> _INSTRUCTIONS TO FOLLOW_:
Check each line below for the word "violated", and copy those that have it.

> _MATERIAL SHOWN_:

###

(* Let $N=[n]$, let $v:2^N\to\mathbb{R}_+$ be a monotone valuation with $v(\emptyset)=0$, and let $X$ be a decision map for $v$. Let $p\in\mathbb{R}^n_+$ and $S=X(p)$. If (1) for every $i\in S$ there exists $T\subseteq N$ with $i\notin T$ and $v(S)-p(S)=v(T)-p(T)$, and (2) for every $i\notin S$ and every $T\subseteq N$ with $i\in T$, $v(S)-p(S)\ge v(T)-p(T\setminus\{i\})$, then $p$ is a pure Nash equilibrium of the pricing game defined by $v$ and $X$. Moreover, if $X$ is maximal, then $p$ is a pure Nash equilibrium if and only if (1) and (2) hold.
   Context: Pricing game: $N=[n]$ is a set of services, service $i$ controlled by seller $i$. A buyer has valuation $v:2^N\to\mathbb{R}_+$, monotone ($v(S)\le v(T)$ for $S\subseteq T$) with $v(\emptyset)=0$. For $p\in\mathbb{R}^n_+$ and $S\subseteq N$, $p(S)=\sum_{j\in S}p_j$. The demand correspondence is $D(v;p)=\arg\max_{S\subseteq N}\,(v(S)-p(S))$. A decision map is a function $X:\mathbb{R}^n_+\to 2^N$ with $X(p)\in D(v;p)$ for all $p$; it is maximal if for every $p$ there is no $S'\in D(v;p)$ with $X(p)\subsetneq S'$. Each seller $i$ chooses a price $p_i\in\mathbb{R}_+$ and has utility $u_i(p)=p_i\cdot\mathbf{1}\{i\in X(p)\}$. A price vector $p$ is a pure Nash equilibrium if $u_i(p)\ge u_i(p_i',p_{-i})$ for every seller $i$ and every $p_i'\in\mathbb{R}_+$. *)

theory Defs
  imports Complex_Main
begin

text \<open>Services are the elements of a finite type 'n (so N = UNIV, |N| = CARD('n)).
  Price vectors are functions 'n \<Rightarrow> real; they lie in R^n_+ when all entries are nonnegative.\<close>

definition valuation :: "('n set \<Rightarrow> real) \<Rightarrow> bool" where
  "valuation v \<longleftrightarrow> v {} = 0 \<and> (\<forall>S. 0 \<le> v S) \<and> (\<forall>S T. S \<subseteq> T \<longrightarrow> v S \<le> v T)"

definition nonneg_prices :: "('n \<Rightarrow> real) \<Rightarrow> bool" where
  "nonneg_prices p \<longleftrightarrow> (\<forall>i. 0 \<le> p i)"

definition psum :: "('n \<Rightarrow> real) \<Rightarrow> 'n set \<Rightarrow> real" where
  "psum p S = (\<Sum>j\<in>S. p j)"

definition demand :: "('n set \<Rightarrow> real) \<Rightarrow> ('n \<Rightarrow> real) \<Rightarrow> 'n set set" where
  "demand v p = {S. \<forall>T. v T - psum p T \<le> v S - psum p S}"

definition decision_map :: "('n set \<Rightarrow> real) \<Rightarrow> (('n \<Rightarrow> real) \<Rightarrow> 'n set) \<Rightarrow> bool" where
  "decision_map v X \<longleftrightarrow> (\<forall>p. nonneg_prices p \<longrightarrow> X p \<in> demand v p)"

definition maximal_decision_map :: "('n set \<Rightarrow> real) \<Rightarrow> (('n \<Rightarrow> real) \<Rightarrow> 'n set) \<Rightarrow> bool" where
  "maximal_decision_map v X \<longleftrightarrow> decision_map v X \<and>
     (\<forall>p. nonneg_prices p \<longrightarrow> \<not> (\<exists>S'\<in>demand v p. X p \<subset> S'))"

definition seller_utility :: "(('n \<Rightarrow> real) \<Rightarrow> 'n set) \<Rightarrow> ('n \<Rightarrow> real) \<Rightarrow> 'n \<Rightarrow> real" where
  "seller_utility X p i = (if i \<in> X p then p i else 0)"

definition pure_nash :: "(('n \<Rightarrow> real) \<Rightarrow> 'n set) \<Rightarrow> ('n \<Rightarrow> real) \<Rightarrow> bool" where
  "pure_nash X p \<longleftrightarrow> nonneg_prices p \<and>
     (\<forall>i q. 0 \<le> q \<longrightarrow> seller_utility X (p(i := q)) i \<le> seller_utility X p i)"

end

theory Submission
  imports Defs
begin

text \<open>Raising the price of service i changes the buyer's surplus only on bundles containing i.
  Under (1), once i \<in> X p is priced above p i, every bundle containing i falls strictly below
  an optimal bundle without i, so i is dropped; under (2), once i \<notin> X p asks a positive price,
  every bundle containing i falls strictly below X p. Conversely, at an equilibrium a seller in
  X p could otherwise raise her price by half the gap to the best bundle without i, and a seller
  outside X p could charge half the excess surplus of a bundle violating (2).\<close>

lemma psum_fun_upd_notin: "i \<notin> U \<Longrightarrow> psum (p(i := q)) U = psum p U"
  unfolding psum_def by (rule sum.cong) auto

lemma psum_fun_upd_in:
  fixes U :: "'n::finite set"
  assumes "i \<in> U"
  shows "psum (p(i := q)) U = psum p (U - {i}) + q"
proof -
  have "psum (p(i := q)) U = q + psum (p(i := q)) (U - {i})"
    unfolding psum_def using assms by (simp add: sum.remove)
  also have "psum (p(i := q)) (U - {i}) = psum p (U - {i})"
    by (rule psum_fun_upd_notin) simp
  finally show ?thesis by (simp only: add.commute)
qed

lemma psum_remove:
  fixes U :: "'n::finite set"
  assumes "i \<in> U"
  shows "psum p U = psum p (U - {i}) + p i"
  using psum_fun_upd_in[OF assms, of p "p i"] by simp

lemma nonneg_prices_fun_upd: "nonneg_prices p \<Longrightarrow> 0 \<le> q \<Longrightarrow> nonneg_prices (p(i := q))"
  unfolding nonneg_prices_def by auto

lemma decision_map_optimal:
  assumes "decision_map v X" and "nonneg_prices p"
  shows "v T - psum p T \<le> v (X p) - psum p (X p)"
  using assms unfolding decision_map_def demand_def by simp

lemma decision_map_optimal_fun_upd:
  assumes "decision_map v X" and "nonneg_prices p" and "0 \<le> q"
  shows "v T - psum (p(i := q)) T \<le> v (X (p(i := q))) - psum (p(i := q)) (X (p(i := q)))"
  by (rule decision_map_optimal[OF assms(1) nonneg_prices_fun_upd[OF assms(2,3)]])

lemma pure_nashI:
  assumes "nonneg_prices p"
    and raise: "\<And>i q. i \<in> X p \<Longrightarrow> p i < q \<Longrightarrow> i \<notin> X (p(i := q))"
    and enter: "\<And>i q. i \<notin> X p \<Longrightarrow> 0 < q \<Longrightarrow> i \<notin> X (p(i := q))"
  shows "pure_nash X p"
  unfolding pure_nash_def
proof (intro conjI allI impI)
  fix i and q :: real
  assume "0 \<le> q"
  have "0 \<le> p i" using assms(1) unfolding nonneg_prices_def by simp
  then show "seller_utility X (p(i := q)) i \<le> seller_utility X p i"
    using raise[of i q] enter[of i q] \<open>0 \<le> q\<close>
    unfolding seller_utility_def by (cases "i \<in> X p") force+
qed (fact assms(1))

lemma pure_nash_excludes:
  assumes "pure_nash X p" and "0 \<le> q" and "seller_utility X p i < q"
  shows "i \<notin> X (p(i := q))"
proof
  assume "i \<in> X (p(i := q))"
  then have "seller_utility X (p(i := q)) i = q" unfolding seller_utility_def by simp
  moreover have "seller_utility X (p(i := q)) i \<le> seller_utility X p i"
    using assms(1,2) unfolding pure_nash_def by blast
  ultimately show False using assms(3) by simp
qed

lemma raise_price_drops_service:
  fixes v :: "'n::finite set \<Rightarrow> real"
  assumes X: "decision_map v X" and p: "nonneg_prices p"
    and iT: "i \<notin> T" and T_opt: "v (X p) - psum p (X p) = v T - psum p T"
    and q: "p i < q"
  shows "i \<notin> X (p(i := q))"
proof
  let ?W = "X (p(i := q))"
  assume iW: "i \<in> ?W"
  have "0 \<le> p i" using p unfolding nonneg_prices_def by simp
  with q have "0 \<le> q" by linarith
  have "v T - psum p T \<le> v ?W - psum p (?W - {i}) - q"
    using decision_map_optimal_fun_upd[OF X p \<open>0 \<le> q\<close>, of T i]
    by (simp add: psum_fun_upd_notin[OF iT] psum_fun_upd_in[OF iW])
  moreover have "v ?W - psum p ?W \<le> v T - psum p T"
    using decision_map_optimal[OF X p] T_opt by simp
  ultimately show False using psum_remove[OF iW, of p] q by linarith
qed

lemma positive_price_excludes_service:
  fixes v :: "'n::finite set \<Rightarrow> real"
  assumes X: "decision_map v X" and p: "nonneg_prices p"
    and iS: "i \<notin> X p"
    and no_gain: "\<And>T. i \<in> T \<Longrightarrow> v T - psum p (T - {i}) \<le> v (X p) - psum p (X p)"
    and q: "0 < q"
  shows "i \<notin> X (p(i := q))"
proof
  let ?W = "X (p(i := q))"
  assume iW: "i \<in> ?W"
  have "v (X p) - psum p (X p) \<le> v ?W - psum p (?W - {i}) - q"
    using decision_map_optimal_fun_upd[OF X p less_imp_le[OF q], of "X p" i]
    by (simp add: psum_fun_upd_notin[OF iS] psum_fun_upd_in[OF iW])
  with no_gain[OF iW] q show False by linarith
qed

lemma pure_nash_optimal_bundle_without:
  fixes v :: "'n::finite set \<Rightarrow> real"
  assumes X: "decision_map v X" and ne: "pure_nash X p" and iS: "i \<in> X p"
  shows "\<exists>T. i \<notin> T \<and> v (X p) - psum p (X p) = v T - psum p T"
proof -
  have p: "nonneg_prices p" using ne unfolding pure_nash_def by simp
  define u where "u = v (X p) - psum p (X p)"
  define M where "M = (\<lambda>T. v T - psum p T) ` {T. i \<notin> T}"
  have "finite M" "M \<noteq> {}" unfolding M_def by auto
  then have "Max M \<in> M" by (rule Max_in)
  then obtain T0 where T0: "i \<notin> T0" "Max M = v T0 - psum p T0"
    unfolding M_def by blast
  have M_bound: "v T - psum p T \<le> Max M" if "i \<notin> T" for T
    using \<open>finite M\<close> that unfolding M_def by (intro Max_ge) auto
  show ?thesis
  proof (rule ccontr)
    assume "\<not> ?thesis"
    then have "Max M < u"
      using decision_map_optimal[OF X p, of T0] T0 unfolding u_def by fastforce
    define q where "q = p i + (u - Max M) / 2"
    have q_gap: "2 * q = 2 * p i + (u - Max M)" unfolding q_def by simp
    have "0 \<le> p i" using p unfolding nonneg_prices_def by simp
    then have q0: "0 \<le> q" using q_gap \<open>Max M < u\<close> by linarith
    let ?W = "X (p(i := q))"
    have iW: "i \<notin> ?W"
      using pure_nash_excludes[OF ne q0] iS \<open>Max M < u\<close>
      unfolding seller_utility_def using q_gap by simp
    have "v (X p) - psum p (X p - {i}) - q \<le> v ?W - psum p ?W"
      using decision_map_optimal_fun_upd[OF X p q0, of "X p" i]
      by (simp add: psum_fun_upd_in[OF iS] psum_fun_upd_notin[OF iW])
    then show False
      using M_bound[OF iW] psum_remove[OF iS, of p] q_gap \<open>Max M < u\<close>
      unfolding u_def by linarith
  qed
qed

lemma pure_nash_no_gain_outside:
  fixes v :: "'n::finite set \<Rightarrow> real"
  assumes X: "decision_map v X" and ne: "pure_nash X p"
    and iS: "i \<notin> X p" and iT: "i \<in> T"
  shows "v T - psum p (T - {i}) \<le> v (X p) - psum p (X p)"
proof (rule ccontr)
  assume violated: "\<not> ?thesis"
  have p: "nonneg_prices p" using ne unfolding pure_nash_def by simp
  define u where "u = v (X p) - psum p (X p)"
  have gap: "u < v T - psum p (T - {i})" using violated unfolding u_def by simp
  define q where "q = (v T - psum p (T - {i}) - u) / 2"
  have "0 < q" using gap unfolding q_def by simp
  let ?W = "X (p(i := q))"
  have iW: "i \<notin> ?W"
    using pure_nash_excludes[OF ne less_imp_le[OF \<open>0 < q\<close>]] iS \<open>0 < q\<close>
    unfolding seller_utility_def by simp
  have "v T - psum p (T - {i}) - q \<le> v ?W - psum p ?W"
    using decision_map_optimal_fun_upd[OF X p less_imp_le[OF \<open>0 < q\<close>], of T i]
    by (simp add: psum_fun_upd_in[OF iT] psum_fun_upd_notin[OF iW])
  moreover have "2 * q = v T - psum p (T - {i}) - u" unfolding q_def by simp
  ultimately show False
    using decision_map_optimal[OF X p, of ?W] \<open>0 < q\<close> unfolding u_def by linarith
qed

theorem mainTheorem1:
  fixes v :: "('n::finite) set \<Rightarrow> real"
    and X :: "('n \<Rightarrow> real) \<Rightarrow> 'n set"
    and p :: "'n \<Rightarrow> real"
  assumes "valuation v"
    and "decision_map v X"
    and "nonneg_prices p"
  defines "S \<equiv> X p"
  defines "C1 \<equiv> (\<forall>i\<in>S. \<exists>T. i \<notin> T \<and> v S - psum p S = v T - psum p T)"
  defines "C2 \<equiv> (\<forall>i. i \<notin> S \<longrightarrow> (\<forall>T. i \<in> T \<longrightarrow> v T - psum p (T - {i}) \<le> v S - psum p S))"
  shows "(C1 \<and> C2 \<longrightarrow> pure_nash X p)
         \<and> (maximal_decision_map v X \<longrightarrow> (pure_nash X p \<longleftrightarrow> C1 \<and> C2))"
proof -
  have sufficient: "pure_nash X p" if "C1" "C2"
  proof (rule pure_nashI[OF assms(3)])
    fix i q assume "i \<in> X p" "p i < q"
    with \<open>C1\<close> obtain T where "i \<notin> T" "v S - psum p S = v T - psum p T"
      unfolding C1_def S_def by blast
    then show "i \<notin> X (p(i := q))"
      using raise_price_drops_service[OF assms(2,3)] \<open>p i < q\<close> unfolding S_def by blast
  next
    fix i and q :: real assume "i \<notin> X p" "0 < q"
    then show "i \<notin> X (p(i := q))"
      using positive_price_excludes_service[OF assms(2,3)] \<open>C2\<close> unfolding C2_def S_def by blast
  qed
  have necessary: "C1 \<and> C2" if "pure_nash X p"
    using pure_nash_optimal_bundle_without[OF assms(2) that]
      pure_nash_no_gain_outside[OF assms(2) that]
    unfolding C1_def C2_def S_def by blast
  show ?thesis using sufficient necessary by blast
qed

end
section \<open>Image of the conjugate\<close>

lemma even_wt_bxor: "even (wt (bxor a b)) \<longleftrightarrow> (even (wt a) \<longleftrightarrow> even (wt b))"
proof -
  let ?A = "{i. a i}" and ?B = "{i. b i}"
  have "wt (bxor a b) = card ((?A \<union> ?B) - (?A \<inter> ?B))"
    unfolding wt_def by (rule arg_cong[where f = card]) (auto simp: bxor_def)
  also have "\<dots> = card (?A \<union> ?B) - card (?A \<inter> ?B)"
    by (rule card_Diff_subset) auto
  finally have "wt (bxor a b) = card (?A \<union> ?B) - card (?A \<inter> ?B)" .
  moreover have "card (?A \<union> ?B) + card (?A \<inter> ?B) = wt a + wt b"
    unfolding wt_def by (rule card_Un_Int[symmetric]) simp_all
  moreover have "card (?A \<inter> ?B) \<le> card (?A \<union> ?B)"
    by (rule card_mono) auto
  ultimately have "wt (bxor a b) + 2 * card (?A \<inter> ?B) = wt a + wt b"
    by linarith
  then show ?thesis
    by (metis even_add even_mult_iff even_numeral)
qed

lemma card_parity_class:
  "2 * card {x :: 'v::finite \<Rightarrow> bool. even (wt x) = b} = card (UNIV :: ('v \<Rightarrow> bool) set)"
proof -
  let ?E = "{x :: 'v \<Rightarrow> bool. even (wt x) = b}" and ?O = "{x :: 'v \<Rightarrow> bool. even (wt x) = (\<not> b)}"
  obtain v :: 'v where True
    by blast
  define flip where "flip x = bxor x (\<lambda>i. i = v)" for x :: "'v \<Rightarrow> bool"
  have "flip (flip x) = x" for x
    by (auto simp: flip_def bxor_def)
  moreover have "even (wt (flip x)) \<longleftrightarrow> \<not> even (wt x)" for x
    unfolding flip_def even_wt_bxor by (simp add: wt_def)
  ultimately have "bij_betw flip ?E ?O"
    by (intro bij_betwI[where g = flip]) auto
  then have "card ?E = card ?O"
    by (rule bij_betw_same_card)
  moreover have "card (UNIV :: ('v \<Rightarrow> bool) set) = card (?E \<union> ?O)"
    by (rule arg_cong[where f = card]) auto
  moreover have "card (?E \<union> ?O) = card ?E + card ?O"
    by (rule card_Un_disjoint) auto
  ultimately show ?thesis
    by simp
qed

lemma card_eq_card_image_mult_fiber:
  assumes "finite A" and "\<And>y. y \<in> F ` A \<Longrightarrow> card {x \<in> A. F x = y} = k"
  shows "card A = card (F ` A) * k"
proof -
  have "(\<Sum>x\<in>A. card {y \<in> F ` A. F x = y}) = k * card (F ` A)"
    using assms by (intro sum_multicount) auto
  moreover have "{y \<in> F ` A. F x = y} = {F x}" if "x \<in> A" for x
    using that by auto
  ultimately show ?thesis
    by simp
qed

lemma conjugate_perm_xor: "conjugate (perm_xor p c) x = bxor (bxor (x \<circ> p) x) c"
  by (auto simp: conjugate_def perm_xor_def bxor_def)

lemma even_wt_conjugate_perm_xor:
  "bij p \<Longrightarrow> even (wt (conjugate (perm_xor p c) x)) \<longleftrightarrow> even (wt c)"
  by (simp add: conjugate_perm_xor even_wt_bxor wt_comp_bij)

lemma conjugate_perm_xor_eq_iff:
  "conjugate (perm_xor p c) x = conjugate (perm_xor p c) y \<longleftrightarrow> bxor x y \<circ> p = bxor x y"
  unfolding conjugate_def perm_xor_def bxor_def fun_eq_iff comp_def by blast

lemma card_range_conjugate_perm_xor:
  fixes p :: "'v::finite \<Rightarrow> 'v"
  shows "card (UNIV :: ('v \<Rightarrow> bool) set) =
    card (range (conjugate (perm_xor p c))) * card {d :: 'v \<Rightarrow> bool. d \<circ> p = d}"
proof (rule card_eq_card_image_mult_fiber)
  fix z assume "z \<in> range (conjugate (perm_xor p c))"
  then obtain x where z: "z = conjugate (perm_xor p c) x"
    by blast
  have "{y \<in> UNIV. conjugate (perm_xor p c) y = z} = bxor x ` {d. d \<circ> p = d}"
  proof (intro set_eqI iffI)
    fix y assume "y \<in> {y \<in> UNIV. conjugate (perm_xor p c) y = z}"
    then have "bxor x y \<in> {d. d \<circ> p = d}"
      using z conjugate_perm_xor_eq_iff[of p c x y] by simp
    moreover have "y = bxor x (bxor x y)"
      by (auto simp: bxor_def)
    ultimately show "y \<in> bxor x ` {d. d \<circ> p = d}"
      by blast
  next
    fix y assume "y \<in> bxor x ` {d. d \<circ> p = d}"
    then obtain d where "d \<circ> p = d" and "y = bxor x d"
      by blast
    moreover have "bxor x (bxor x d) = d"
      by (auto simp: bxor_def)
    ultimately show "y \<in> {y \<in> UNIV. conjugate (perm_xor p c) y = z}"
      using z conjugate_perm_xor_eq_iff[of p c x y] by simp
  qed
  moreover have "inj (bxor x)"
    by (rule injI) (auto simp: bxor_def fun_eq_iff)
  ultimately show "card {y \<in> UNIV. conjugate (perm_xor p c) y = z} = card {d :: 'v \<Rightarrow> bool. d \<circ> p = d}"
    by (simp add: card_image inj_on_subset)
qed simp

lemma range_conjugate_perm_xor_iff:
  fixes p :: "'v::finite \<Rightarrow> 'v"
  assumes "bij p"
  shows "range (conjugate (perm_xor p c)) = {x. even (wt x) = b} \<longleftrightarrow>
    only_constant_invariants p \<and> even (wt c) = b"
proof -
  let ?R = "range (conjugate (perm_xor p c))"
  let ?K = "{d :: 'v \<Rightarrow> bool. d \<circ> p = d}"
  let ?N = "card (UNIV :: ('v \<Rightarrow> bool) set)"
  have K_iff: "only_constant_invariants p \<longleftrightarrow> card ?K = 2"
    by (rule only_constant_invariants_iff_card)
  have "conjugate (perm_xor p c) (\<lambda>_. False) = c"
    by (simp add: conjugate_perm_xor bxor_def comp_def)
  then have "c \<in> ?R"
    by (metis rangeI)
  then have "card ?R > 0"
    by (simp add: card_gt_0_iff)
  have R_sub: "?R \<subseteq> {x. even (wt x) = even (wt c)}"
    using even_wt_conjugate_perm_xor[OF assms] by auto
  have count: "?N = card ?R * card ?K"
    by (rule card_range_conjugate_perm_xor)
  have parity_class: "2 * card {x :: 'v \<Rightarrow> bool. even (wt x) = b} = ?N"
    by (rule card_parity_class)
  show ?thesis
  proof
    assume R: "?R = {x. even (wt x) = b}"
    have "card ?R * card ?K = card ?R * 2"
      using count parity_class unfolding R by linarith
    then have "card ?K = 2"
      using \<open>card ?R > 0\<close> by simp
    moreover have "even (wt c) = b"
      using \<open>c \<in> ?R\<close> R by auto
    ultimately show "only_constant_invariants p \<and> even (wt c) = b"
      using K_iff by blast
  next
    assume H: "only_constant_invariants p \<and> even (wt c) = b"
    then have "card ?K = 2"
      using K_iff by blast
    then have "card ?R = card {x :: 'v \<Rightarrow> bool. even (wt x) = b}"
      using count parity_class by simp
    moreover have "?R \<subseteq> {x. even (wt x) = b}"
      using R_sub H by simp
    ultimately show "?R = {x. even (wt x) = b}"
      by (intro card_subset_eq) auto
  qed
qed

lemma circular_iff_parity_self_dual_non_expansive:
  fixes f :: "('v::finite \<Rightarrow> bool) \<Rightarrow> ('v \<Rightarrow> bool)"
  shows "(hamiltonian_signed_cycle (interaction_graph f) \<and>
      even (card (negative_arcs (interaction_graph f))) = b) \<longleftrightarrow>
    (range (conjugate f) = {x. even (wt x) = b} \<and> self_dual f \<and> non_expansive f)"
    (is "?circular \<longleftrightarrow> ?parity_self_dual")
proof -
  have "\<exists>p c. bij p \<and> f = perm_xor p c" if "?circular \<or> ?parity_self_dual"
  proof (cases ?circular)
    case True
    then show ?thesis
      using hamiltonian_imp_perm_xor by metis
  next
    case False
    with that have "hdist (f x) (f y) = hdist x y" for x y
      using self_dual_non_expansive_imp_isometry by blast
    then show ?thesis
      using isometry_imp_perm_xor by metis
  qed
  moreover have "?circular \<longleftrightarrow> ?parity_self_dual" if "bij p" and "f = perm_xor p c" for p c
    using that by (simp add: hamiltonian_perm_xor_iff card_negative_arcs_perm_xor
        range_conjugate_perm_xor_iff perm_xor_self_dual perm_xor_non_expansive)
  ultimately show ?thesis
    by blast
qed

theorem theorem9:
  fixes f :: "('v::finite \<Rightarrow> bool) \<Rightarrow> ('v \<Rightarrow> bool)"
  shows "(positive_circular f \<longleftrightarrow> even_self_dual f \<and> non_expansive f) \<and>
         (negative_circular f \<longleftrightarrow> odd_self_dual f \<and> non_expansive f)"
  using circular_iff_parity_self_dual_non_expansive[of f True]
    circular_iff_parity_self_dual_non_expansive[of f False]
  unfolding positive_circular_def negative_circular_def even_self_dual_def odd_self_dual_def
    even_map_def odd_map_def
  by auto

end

###

> _THE COMPLETED TASK_:
  assume violated: "\<not> ?thesis"
  have gap: "u < v T - psum p (T - {i})" using violated unfolding u_def by simp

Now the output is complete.